In the metastatic setting, evidence supports the dose of 800 mg/day of imatinib in the treatment of patients with KIT exon 9-mutated GIST.
Mutational status provides prognostic information, and adjuvant therapy is not recommended in imatinib-insensitive D842V-mutated GIST, regardless of risk.
Adjuvant imatinib treatment is considered in wild-type GISTs, lacking a detectable KIT or PDGFRA mutation, which may be less sensitive to imatinib than most GISTs with a mutation.
Cases of neurofibromatosis type 1-associated GIST strongly express KIT, and are usually indolent in nature.
The optimal duration of adjuvant imatinib therapy is still not known, but treatment for 3 years of duration as a standard of care in high-risk operable GISTs is recommended.
Patients who discontinue treatment in the metastatic setting and progress can achieve response upon retreating with imatinib.
CT or magnetic resonance imaging (MRI) of the pelvis or abdomen to detect recurrence is recommended every 6 months during adjuvant therapy.
The high risk of recurrence following discontinuation of adjuvant imatinib is 2-years.
Recurrence is rare after the 10th year of follow-up.
Long-term survival of patients with metastatic GIST is associated with low tumor burden, making early detection of GIST recurrence important.
Patients with plasma imatinib levels <1100 ng/mL have a lower response rates and a shorter time to disease progression compared to patients with plasma levels >1100 ng/ml, and there is a wide interpatient variability in plasma levels.
Severe side-effects, grade 3–4, occurred in one-third of patients treated with adjuvant imatinib therapy for 3 years, compared with 20% of patients treated for 1 year.
Over 3 years, the most frequently occurring adverse events were: anemia (80%) and periorbital edema (74%), elevated lactate dehydrogenase (60%), diarrhea (54%), nausea (51%), muscle cramps (49%), fatigue (48%) and leukopenia (47%).
In the SSGXVIII/AIO trial, 25.8% and 12.6% of the patients assigned to the 36-month and 12-month arms, respectively, discontinued imatinib for another reason than GIST recurrence.

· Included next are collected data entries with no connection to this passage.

(* Let $K$ be a positive integer and $\gamma_0,\dots,\gamma_K$ real numbers with $\gamma_0=1$, $\gamma_K\ne0$. Let $\hat{\mathcal H}_n(x)=H_n(x)/(2^nn!)$ for $n\ge0$, $\hat{\mathcal H}_n=0$ for $n<0$, and $q_n(x)=\sum_{j=0}^K\gamma_j\hat{\mathcal H}_{n-j}(x)$ for $n\ge0$. Assume all the zeros of $P(x)=\sum_{j=0}^K\gamma_jx^{K-j}$ are real, and that $N^-$ of them are negative (with multiplicity). Then for $n$ large enough: if $n-K$ is even, $q_n$ has exactly $(n-K)/2+N^-$ negative zeros and exactly $(n-K)/2+K-N^-$ positive zeros; if $n-K$ is odd, $q_n$ has at least $(n-K-1)/2+N^-$ negative zeros and at least $(n-K-1)/2+K-N^-$ positive zeros.
   Context: $H_n$ denotes the standard (physicists') Hermite polynomial of degree $n$ (orthogonal with respect to $e^{-x^2}$, leading coefficient $2^n$). *)

theory Defs
  imports "HOL-Computational_Algebra.Polynomial" Complex_Main
begin

fun hermite :: "nat \<Rightarrow> real poly" where
  "hermite 0 = 1"
| "hermite (Suc 0) = [:0, 2:]"
| "hermite (Suc (Suc n)) = [:0, 2:] * hermite (Suc n) - smult (2 * real (Suc n)) (hermite n)"

definition hermite_hat :: "int \<Rightarrow> real poly" where
  "hermite_hat m = (if m < 0 then 0
     else smult (1 / (2 ^ nat m * fact (nat m))) (hermite (nat m)))"

definition q_poly :: "nat \<Rightarrow> (nat \<Rightarrow> real) \<Rightarrow> nat \<Rightarrow> real poly" where
  "q_poly K \<gamma> n = (\<Sum>j=0..K. smult (\<gamma> j) (hermite_hat (int n - int j)))"

definition P_poly :: "nat \<Rightarrow> (nat \<Rightarrow> real) \<Rightarrow> real poly" where
  "P_poly K \<gamma> = (\<Sum>j=0..K. monom (\<gamma> j) (K - j))"

end

(*
  Write D for d/dx and hH m for the normalised Hermite polynomial H_m / (2^m m!). Since
  D (hH m) = hH (m - 1), the polynomial q_n is Gamma(D) (hH n), where Gamma(x) = sum_j gamma_j x^j is
  the reversal of P. Factoring P = prod_i (x - r_i) over its real, nonzero roots turns this into
  q_n = prod_i (1 - r_i D) (hH n).

  For r nonzero, 1 - r D maps a polynomial f with simple real roots to one with simple real roots
  interlacing those of f: at consecutive roots of f the values of f - r f' = - r f' have opposite
  signs, and one more sign change occurs beyond the extreme root of f, on the left if r < 0 and on
  the right if r > 0. So one factor turns m negative roots into m + [r < 0] - 1 or m + [r < 0]
  negative roots, the former whenever 0 becomes a root. The ambiguity is resolved by parity: if n - k is even,
  then for large n the value at 0 after k factors is dominated by its lowest-order Hermite term
  (prod_i (- r_i)) hH (n - k) (0), whose sign (-1)^((n-k)/2) prod_i sgn (- r_i) determines the parity
  of the number of negative roots. Starting from hH n, which has floor (n/2) negative roots,
  induction over the factors gives the counts.
*)

theory Submission
  imports Defs "HOL-Computational_Algebra.Fundamental_Theorem_Algebra"
begin

lemma degree_diff_eq_left:
  fixes p q :: "'a::ab_group_add poly"
  assumes "degree q < degree p"
  shows "degree (p - q) = degree p" and "lead_coeff (p - q) = lead_coeff p"
proof -
  show deg: "degree (p - q) = degree p"
    using assms by (metis degree_add_eq_left degree_minus diff_conv_add_uminus)
  show "lead_coeff (p - q) = lead_coeff p"
    using assms by (simp add: deg coeff_eq_0)
qed

lemma
  fixes f :: "'a::{idom, ring_char_0} poly"
  shows degree_diff_smult_pderiv: "degree (f - smult r (pderiv f)) = degree f"
    and lead_coeff_diff_smult_pderiv: "lead_coeff (f - smult r (pderiv f)) = lead_coeff f"
proof -
  have "degree (f - smult r (pderiv f)) = degree f \<and> lead_coeff (f - smult r (pderiv f)) = lead_coeff f"
  proof (cases "degree f = 0")
    case True
    then show ?thesis by (simp add: pderiv_eq_0_iff[THEN iffD2])
  next
    case False
    then have "degree (smult r (pderiv f)) < degree f"
      by (metis degree_pderiv degree_smult_le diff_less le_less_trans neq0_conv zero_less_one)
    from degree_diff_eq_left[OF this] show ?thesis by blast
  qed
  then show "degree (f - smult r (pderiv f)) = degree f"
    and "lead_coeff (f - smult r (pderiv f)) = lead_coeff f" by blast+
qed

lemma pderiv_sum: "pderiv (sum f A) = (\<Sum>x\<in>A. pderiv (f x))"
  by (induction A rule: infinite_finite_induct) (simp_all add: pderiv_add)

lemma smult_sum_right: "smult a (sum f A) = (\<Sum>x\<in>A. smult a (f x))"
  by (induction A rule: infinite_finite_induct) (simp_all add: smult_add_right)

lemma reflect_poly_linear_factor: "reflect_poly [:a, 1:] = [:1, a :: 'a::comm_ring_1:]"
  by (rule poly_eqI) (auto simp: coeff_reflect_poly coeff_pCons split: nat.splits)

lemma poly_map_poly_of_real: "poly (map_poly of_real p) (of_real x :: complex) = of_real (poly p x)"
  by (induction p) (auto simp: map_poly_pCons)

lemma mult_neg_if_sgn_opposite:
  fixes x y :: real
  shows "sgn x = - sgn y \<Longrightarrow> y \<noteq> 0 \<Longrightarrow> x * y < 0"
  by (auto simp: sgn_if mult_less_0_iff split: if_splits)

lemma neg_one_power_cong: "(even m \<longleftrightarrow> even n) \<Longrightarrow> (-1) ^ m = ((-1) ^ n :: 'a::ring_1)"
  by (simp add: minus_one_power_iff)

lemma sgn_add_dominated: "\<bar>e\<bar> < \<bar>x\<bar> \<Longrightarrow> sgn (x + e) = sgn (x :: real)"
  by (auto simp: sgn_if)

section \<open>Hermite polynomials\<close>

lemma pderiv_hermite: "pderiv (hermite (Suc n)) = smult (2 * real (Suc n)) (hermite n)"
proof (induction n rule: hermite.induct)
  case (3 n)
  have "pderiv (hermite (Suc (Suc (Suc n))))
      = smult 2 (hermite (Suc (Suc n))) + smult (2 * real (Suc (Suc n)))
          ([:0, 2:] * hermite (Suc n) - smult (2 * real (Suc n)) (hermite n))"
    unfolding hermite.simps(3)[of "Suc n"] using "3.IH"
    by (simp add: pderiv_mult pderiv_diff pderiv_smult pderiv_pCons smult_diff_right algebra_simps
        del: hermite.simps)
  also have "\<dots> = smult (2 * real (Suc (Suc (Suc n)))) (hermite (Suc (Suc n)))"
    unfolding hermite.simps(3)[of n, symmetric]
    by (simp add: algebra_simps del: hermite.simps flip: smult_add_left)
  finally show ?case .
qed (simp_all add: pderiv_pCons)

lemma hermite_Suc: "hermite (Suc n) = [:0, 2:] * hermite n - pderiv (hermite n)"
  by (cases n) (simp_all add: pderiv_hermite)

lemma degree_hermite [simp]: "degree (hermite n) = n"
  and lead_coeff_hermite [simp]: "coeff (hermite n) n = 2 ^ n"
proof -
  have "degree (hermite n) = n \<and> lead_coeff (hermite n) = 2 ^ n"
  proof (induction n rule: hermite.induct)
    case (3 n)
    let ?A = "[:0, 2:] * hermite (Suc n)" and ?B = "smult (2 * real (Suc n)) (hermite n)"
    have IH: "degree (hermite (Suc n)) = Suc n" "lead_coeff (hermite (Suc n)) = 2 ^ Suc n"
      "degree (hermite n) = n" using 3 by auto
    then have "hermite (Suc n) \<noteq> 0" by auto
    then have A: "degree ?A = Suc (Suc n)" "lead_coeff ?A = 2 ^ Suc (Suc n)"
      using IH lead_coeff_mult[of "[:0, 2:]" "hermite (Suc n)"]
      by (simp_all add: degree_mult_eq del: mult_pCons_left)
    have "degree ?B < degree ?A" using IH A by simp
    from degree_diff_eq_left[OF this] A show ?case
      unfolding hermite.simps(3) by argo
  qed simp_all
  then show "degree (hermite n) = n" "coeff (hermite n) n = 2 ^ n" by auto
qed

lemma poly_hermite_minus: "poly (hermite n) (- x) = (-1) ^ n * poly (hermite n) x"
  by (induction n rule: hermite.induct) (simp_all add: algebra_simps)

definition nhermite :: "nat \<Rightarrow> real poly" where
  "nhermite n = smult (1 / (2 ^ n * fact n)) (hermite n)"

lemma hermite_hat_diff: "j \<le> n \<Longrightarrow> hermite_hat (int n - int j) = nhermite (n - j)"
  by (simp add: hermite_hat_def nhermite_def flip: of_nat_diff)

lemma pderiv_nhermite: "pderiv (nhermite (Suc n)) = nhermite n"
proof -
  have "2 * real (Suc n) / (2 ^ Suc n * fact (Suc n)) = 1 / (2 ^ n * fact n)"
    by (simp add: field_simps del: of_nat_Suc)
  then show ?thesis
    by (simp add: nhermite_def pderiv_smult pderiv_hermite del: hermite.simps of_nat_Suc fact_Suc power_Suc)
qed

lemma higher_pderiv_nhermite: "i \<le> n \<Longrightarrow> (pderiv ^^ i) (nhermite n) = nhermite (n - i)"
proof (induction i)
  case (Suc i)
  then have "n - i = Suc (n - Suc i)" by simp
  with Suc show ?case by (simp add: pderiv_nhermite)
qed simp

lemma degree_nhermite [simp]: "degree (nhermite n) = n"
  and lead_coeff_nhermite [simp]: "coeff (nhermite n) n = 1 / fact n"
  by (simp_all add: nhermite_def)

lemma poly_nhermite_minus: "poly (nhermite n) (- x) = (-1) ^ n * poly (nhermite n) x"
  by (simp add: nhermite_def poly_hermite_minus)

lemma poly_nhermite_0_Suc_Suc:
  "poly (nhermite (Suc (Suc n))) 0 = - poly (nhermite n) 0 / (2 * (real n + 2))"
proof -
  have "poly (hermite (Suc (Suc n))) 0 = - (2 * real (Suc n)) * poly (hermite n) 0"
    by (simp add: algebra_simps)
  moreover have "(2::real) ^ Suc (Suc n) * fact (Suc (Suc n))
      = 2 * (real n + 2) * (2 * real (Suc n)) * (2 ^ n * fact n)"
    by (simp add: algebra_simps)
  ultimately show ?thesis
    by (simp add: nhermite_def del: hermite.simps fact_Suc power_Suc of_nat_Suc)
qed

lemma poly_nhermite_0_odd: "poly (nhermite (Suc (2 * p))) 0 = 0"
proof (induction p)
  case (Suc p)
  then show ?case using poly_nhermite_0_Suc_Suc[of "Suc (2 * p)"] by simp
qed (simp add: nhermite_def)

lemma sgn_poly_nhermite_0_even: "sgn (poly (nhermite (2 * p)) 0) = (-1) ^ p"
proof (induction p)
  case (Suc p)
  then show ?case using poly_nhermite_0_Suc_Suc[of "2 * p"] by (simp add: sgn_mult sgn_minus)
qed (simp add: nhermite_def)

lemma poly_nhermite_0_eq_0_iff: "poly (nhermite n) 0 = 0 \<longleftrightarrow> odd n"
proof (cases "even n")
  case True
  then obtain p where "n = 2 * p" by (rule evenE)
  then show ?thesis using sgn_poly_nhermite_0_even[of p] by auto
next
  case False
  then obtain p where "n = Suc (2 * p)" by (metis oddE Suc_eq_plus1)
  then show ?thesis using poly_nhermite_0_odd[of p] by simp
qed

lemma abs_poly_nhermite_0_mono: "\<bar>poly (nhermite (m + 2 * k)) 0\<bar> \<le> \<bar>poly (nhermite m) 0\<bar>"
proof (induction k)
  case (Suc k)
  have "\<bar>poly (nhermite (Suc (Suc (m + 2 * k)))) 0\<bar> \<le> \<bar>poly (nhermite (m + 2 * k)) 0\<bar>"
    unfolding poly_nhermite_0_Suc_Suc by (simp add: abs_div field_simps)
  with Suc show ?case by simp
qed simp

lemma abs_poly_nhermite_0_tail:
  assumes "0 < j"
  shows "\<bar>poly (nhermite (2 * p + j)) 0\<bar> \<le> \<bar>poly (nhermite (2 * p)) 0\<bar> / (real p + 1)"
proof (cases "even j")
  case True
  then obtain k' where "j = 2 * k'" by (rule evenE)
  with assms obtain k where "j = 2 * Suc k" by (cases k') auto
  then have "\<bar>poly (nhermite (2 * p + j)) 0\<bar> \<le> \<bar>poly (nhermite (Suc (Suc (2 * p)))) 0\<bar>"
    using abs_poly_nhermite_0_mono[of "Suc (Suc (2 * p))" k] by simp
  also have "\<dots> \<le> \<bar>poly (nhermite (2 * p)) 0\<bar> / (real p + 1)"
    unfolding poly_nhermite_0_Suc_Suc by (simp add: abs_div frac_le)
  finally show ?thesis .
next
  case False
  then obtain k where "j = Suc (2 * k)" by (metis oddE Suc_eq_plus1)
  then show ?thesis using poly_nhermite_0_odd[of "p + k"] by simp
qed

section \<open>Polynomials with simple real roots\<close>

definition simple_real_rooted :: "real poly \<Rightarrow> bool" where
  "simple_real_rooted f \<longleftrightarrow> f \<noteq> 0 \<and> card {x. poly f x = 0} = degree f"

lemma prod_linear_factors_dvd:
  fixes f :: "'a::idom poly"
  assumes "finite S" "\<And>z. z \<in> S \<Longrightarrow> poly f z = 0"
  shows "(\<Prod>z\<in>S. [:-z, 1:]) dvd f"
  using assms
proof (induction S arbitrary: f rule: finite_induct)
  case (insert z S)
  then obtain g where g: "f = [:-z, 1:] * g" by (meson dvdE poly_eq_0_iff_dvd insertI1)
  have "poly g y = 0" if "y \<in> S" for y
    using insert.prems[of y] insert.hyps(2) that by (auto simp: g)
  then have "(\<Prod>z\<in>S. [:-z, 1:]) dvd g" by (rule insert.IH)
  then have "[:-z, 1:] * (\<Prod>z\<in>S. [:-z, 1:]) dvd [:-z, 1:] * g" by (rule mult_dvd_mono[OF dvd_refl])
  then show ?case by (simp only: prod.insert[OF insert.hyps] g)
qed simp

lemma simple_real_rooted_decompose:
  assumes "simple_real_rooted f"
  shows "f = smult (lead_coeff f) (\<Prod>z | poly f z = 0. [:-z, 1:])"
proof -
  let ?Z = "{z. poly f z = 0}" let ?Q = "\<Prod>z\<in>?Z. [:-z, 1:]"
  have f0: "f \<noteq> 0" and card: "card ?Z = degree f" using assms by (auto simp: simple_real_rooted_def)
  have fin: "finite ?Z" using poly_roots_finite[OF f0] .
  obtain c where f: "f = ?Q * c" using prod_linear_factors_dvd[OF fin] by blast
  have Q: "?Q \<noteq> 0" "degree ?Q = degree f"
    using fin card by (auto simp: degree_prod_sum_eq)
  have "lead_coeff ?Q = 1" by (simp only: lead_coeff_prod) simp
  have "c \<noteq> 0" using f f0 by auto
  with f Q have "degree c = 0" using degree_mult_eq[of ?Q c] by simp
  then obtain c0 where c: "c = [:c0:]" by (rule degree_eq_zeroE)
  have "lead_coeff f = lead_coeff ?Q * lead_coeff c" using f by (metis lead_coeff_mult)
  with c \<open>lead_coeff ?Q = 1\<close> have "lead_coeff f = c0" by simp
  with f c show ?thesis by simp
qed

The optimal duration of adjuvant therapy in GISTs is not known, and speculation is that some patients may benefit from lifelong therapy.
Pazopanib hows significant activity in GIST in patients resistant to imatinib and sunitinib (PAZOGIST Study).
Avapritinib is a kinase inhibitor that is approved for the treatment of unresectable or metastatic gastrointestinal stromal tumors harboring PDGFRA exon 18 mutations.
Sunitinib and Stivarga are additional effctive agents.
TKI resistance develops through the emergence of secondary resistance, mutations in KIT.
TKI response varies with different molecular manifestations of KIT and PDGFRA.
Wild type GIST is generally unresponsive to kinase inhibitor therapy.
WT GIST primarily affects young females, and is multifocal, but is indolent.
WT GIST primary tumor is generally gastric in location.
WT GIST along with paraganglioma is a component of the Carney-Stratakis syndrome, an inherited predisposition syndrome caused by germline mutations in this succinyl dehydrogenase subunit B,C or D.